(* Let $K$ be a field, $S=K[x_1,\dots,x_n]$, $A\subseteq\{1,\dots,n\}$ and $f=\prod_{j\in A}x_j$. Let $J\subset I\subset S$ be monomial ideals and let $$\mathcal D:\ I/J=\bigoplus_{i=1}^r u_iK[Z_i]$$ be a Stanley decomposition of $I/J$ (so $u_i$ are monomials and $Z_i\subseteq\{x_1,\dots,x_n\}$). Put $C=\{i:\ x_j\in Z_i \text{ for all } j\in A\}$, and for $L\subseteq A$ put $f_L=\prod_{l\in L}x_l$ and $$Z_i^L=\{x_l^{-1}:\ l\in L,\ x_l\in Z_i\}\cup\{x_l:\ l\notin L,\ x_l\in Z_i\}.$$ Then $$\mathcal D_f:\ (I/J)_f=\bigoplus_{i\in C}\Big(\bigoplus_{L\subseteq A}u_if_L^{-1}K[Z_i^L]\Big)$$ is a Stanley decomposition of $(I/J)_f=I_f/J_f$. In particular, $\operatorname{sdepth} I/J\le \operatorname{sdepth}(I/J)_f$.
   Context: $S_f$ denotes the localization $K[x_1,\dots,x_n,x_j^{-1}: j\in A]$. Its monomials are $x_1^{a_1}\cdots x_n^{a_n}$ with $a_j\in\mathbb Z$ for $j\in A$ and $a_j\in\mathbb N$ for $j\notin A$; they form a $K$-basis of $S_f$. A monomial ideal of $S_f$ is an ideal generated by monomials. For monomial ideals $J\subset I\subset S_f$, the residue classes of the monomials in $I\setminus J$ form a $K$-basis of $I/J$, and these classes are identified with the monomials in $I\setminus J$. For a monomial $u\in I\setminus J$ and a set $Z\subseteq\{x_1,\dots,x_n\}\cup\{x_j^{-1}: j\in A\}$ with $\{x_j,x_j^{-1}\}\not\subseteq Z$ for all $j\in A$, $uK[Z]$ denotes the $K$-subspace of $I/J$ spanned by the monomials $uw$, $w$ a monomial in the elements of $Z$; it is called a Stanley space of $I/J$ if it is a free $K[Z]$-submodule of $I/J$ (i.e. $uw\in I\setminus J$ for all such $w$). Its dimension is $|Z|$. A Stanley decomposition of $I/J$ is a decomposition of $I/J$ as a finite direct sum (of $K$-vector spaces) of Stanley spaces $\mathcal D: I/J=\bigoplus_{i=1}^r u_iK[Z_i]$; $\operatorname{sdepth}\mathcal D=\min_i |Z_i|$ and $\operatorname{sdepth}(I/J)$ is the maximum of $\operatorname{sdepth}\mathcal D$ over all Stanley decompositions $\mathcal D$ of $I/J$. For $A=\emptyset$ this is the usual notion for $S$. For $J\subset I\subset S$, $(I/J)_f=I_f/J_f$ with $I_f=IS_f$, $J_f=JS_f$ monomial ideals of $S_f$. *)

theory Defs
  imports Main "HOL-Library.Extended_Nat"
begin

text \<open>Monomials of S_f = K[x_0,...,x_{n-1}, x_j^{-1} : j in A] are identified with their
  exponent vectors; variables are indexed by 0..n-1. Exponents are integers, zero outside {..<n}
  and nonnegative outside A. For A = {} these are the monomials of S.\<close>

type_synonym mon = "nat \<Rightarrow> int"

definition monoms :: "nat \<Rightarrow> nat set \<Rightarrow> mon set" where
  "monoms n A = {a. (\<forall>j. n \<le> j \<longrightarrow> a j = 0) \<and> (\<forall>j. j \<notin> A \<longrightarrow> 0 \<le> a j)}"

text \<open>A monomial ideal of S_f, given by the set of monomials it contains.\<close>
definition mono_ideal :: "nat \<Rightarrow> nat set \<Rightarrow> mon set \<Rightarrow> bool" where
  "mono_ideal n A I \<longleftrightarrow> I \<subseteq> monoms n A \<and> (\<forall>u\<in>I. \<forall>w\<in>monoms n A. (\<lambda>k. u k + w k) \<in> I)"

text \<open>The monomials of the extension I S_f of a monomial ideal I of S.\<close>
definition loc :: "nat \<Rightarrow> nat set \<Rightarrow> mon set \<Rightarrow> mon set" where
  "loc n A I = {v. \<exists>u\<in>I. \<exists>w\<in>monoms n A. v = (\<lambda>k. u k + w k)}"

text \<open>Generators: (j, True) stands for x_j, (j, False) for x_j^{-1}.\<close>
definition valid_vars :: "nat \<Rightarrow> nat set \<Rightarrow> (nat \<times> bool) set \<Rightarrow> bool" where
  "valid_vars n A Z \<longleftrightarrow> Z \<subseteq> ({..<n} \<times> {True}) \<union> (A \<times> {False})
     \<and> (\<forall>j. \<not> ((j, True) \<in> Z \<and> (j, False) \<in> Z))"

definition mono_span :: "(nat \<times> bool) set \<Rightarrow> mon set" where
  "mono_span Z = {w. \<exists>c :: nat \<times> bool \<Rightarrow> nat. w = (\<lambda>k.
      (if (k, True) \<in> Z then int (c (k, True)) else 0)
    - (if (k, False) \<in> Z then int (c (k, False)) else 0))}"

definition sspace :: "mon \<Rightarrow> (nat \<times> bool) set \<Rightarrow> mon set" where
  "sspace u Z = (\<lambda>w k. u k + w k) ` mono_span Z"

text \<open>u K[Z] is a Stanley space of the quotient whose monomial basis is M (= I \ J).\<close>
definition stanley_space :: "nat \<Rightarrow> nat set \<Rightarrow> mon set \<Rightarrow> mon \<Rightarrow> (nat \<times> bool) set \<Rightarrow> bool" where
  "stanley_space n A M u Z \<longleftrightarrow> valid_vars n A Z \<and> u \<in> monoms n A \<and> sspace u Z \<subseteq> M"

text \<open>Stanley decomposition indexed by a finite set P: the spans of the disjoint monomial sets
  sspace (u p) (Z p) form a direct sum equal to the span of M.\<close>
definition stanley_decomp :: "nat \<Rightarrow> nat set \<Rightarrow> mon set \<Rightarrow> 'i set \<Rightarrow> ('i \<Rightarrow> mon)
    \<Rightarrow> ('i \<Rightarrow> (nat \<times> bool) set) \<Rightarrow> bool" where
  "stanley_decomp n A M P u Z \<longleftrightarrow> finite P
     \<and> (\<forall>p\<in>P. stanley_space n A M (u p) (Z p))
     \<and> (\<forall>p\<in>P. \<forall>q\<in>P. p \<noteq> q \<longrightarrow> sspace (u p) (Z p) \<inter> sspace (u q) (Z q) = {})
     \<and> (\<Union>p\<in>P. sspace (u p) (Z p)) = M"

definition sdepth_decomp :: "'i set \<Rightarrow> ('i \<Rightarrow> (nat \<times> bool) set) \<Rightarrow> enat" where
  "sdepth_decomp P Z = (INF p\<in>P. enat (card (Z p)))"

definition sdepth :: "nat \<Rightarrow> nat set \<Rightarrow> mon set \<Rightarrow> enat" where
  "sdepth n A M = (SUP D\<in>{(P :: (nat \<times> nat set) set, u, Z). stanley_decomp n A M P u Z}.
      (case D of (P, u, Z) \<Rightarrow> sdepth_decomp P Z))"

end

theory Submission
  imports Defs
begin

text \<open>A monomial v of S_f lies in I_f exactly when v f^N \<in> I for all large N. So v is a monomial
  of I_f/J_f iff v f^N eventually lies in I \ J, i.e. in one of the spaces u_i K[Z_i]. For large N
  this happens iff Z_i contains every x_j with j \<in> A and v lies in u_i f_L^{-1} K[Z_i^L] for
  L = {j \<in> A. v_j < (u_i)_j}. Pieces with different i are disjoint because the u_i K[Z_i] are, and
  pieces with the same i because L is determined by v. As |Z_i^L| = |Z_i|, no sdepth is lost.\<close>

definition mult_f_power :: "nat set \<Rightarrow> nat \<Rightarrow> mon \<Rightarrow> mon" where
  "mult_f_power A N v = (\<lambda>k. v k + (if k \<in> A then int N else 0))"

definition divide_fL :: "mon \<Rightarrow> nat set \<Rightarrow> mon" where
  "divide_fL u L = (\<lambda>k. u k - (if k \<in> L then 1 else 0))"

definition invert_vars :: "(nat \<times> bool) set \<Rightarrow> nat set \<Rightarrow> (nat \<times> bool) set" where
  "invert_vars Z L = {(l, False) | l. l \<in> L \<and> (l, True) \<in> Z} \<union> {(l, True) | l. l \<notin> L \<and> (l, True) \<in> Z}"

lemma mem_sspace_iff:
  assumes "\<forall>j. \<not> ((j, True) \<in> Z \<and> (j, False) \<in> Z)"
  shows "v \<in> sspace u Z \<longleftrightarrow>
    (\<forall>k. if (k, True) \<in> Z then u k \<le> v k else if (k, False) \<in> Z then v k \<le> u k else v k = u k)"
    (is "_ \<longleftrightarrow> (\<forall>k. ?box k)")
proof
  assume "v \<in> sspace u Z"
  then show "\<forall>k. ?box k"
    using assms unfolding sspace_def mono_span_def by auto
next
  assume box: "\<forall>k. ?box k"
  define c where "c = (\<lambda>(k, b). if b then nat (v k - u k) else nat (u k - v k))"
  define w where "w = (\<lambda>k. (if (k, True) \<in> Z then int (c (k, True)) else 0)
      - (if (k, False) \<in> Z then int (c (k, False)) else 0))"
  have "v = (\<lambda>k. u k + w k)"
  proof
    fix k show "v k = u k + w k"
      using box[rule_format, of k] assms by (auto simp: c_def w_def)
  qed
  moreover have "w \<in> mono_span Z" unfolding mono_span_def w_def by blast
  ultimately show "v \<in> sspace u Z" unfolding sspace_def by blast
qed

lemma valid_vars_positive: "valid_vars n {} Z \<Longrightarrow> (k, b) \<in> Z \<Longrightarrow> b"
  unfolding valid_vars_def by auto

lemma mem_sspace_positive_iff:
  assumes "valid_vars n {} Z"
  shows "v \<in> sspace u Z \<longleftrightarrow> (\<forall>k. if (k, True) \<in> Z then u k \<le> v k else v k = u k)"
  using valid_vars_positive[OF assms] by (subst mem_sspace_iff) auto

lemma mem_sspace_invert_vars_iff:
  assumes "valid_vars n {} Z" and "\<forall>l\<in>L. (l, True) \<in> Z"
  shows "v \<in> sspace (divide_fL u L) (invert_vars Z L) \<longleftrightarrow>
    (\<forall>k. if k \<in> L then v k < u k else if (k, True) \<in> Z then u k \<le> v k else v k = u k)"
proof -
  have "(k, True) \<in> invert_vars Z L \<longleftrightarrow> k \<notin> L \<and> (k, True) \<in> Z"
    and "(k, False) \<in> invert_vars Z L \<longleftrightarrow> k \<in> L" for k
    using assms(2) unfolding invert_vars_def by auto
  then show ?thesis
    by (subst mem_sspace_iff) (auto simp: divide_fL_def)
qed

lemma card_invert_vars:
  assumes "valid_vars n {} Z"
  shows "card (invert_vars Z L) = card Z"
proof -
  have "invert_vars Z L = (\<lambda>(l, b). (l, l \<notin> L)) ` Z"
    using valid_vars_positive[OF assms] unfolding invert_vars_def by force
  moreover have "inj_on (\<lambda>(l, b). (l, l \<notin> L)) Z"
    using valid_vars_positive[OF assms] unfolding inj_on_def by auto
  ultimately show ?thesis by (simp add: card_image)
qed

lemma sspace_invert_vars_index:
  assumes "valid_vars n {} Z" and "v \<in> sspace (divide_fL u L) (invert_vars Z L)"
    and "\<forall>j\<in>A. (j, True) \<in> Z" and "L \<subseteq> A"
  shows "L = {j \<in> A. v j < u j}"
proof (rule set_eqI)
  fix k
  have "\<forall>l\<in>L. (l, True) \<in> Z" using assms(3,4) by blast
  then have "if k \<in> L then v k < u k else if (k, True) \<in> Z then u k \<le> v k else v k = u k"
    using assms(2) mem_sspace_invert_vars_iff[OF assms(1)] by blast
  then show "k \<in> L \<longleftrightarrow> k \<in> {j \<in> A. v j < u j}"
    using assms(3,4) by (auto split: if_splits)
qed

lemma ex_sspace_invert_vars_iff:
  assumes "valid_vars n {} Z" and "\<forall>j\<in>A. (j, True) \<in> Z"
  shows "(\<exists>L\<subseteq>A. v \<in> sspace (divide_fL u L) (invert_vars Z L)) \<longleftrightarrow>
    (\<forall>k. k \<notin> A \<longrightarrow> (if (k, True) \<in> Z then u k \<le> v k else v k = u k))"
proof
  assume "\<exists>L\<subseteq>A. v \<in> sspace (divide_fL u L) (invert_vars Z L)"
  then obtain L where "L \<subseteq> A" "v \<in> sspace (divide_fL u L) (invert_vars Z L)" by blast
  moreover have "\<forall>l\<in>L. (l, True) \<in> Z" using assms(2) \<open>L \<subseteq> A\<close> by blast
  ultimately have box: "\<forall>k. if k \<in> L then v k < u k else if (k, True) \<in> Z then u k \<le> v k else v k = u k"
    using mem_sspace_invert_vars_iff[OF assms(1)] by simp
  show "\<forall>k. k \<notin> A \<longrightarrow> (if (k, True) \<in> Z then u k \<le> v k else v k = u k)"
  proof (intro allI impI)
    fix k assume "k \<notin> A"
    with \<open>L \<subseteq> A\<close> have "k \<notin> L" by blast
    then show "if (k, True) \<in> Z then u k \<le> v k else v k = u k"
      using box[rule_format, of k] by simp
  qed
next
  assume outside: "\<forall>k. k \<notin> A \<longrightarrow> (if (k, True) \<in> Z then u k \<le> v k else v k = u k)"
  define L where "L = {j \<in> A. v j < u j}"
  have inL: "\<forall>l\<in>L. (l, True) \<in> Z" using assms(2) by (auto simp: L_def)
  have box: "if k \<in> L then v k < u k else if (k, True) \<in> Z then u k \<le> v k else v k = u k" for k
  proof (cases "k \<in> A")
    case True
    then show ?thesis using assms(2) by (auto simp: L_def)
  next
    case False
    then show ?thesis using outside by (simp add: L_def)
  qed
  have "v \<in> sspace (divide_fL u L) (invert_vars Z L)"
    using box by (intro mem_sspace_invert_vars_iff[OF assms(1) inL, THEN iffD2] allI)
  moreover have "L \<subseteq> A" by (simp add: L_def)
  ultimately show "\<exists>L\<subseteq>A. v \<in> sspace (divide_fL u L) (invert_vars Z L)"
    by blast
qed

+++

_WHAT IS NEEDED:_ Leave out every line above except those from the line with "define c where" up to and including the line with "L = (\<lambda>(l, b).", and copy those exactly.

_ANSWER SPACE:_
  define c where "c = (\<lambda>(k, b). if b then nat (v k - u k) else nat (u k - v k))"
  define w where "w = (\<lambda>k. (if (k, True) \<in> Z then int (c (k, True)) else 0)
      - (if (k, False) \<in> Z then int (c (k, False)) else 0))"
  have "v = (\<lambda>k. u k + w k)"
  proof
    fix k show "v k = u k + w k"
      using box[rule_format, of k] assms by (auto simp: c_def w_def)
  qed
  moreover have "w \<in> mono_span Z" unfolding mono_span_def w_def by blast
  ultimately show "v \<in> sspace u Z" unfolding sspace_def by blast
qed

lemma valid_vars_positive: "valid_vars n {} Z \<Longrightarrow> (k, b) \<in> Z \<Longrightarrow> b"
  unfolding valid_vars_def by auto

lemma mem_sspace_positive_iff:
  assumes "valid_vars n {} Z"
  shows "v \<in> sspace u Z \<longleftrightarrow> (\<forall>k. if (k, True) \<in> Z then u k \<le> v k else v k = u k)"
  using valid_vars_positive[OF assms] by (subst mem_sspace_iff) auto

lemma mem_sspace_invert_vars_iff:
  assumes "valid_vars n {} Z" and "\<forall>l\<in>L. (l, True) \<in> Z"
  shows "v \<in> sspace (divide_fL u L) (invert_vars Z L) \<longleftrightarrow>
    (\<forall>k. if k \<in> L then v k < u k else if (k, True) \<in> Z then u k \<le> v k else v k = u k)"
proof -
  have "(k, True) \<in> invert_vars Z L \<longleftrightarrow> k \<notin> L \<and> (k, True) \<in> Z"
    and "(k, False) \<in> invert_vars Z L \<longleftrightarrow> k \<in> L" for k
    using assms(2) unfolding invert_vars_def by auto
  then show ?thesis
    by (subst mem_sspace_iff) (auto simp: divide_fL_def)
qed

lemma card_invert_vars:
  assumes "valid_vars n {} Z"
  shows "card (invert_vars Z L) = card Z"
proof -
  have "invert_vars Z L = (\<lambda>(l, b). (l, l \<notin> L)) ` Z"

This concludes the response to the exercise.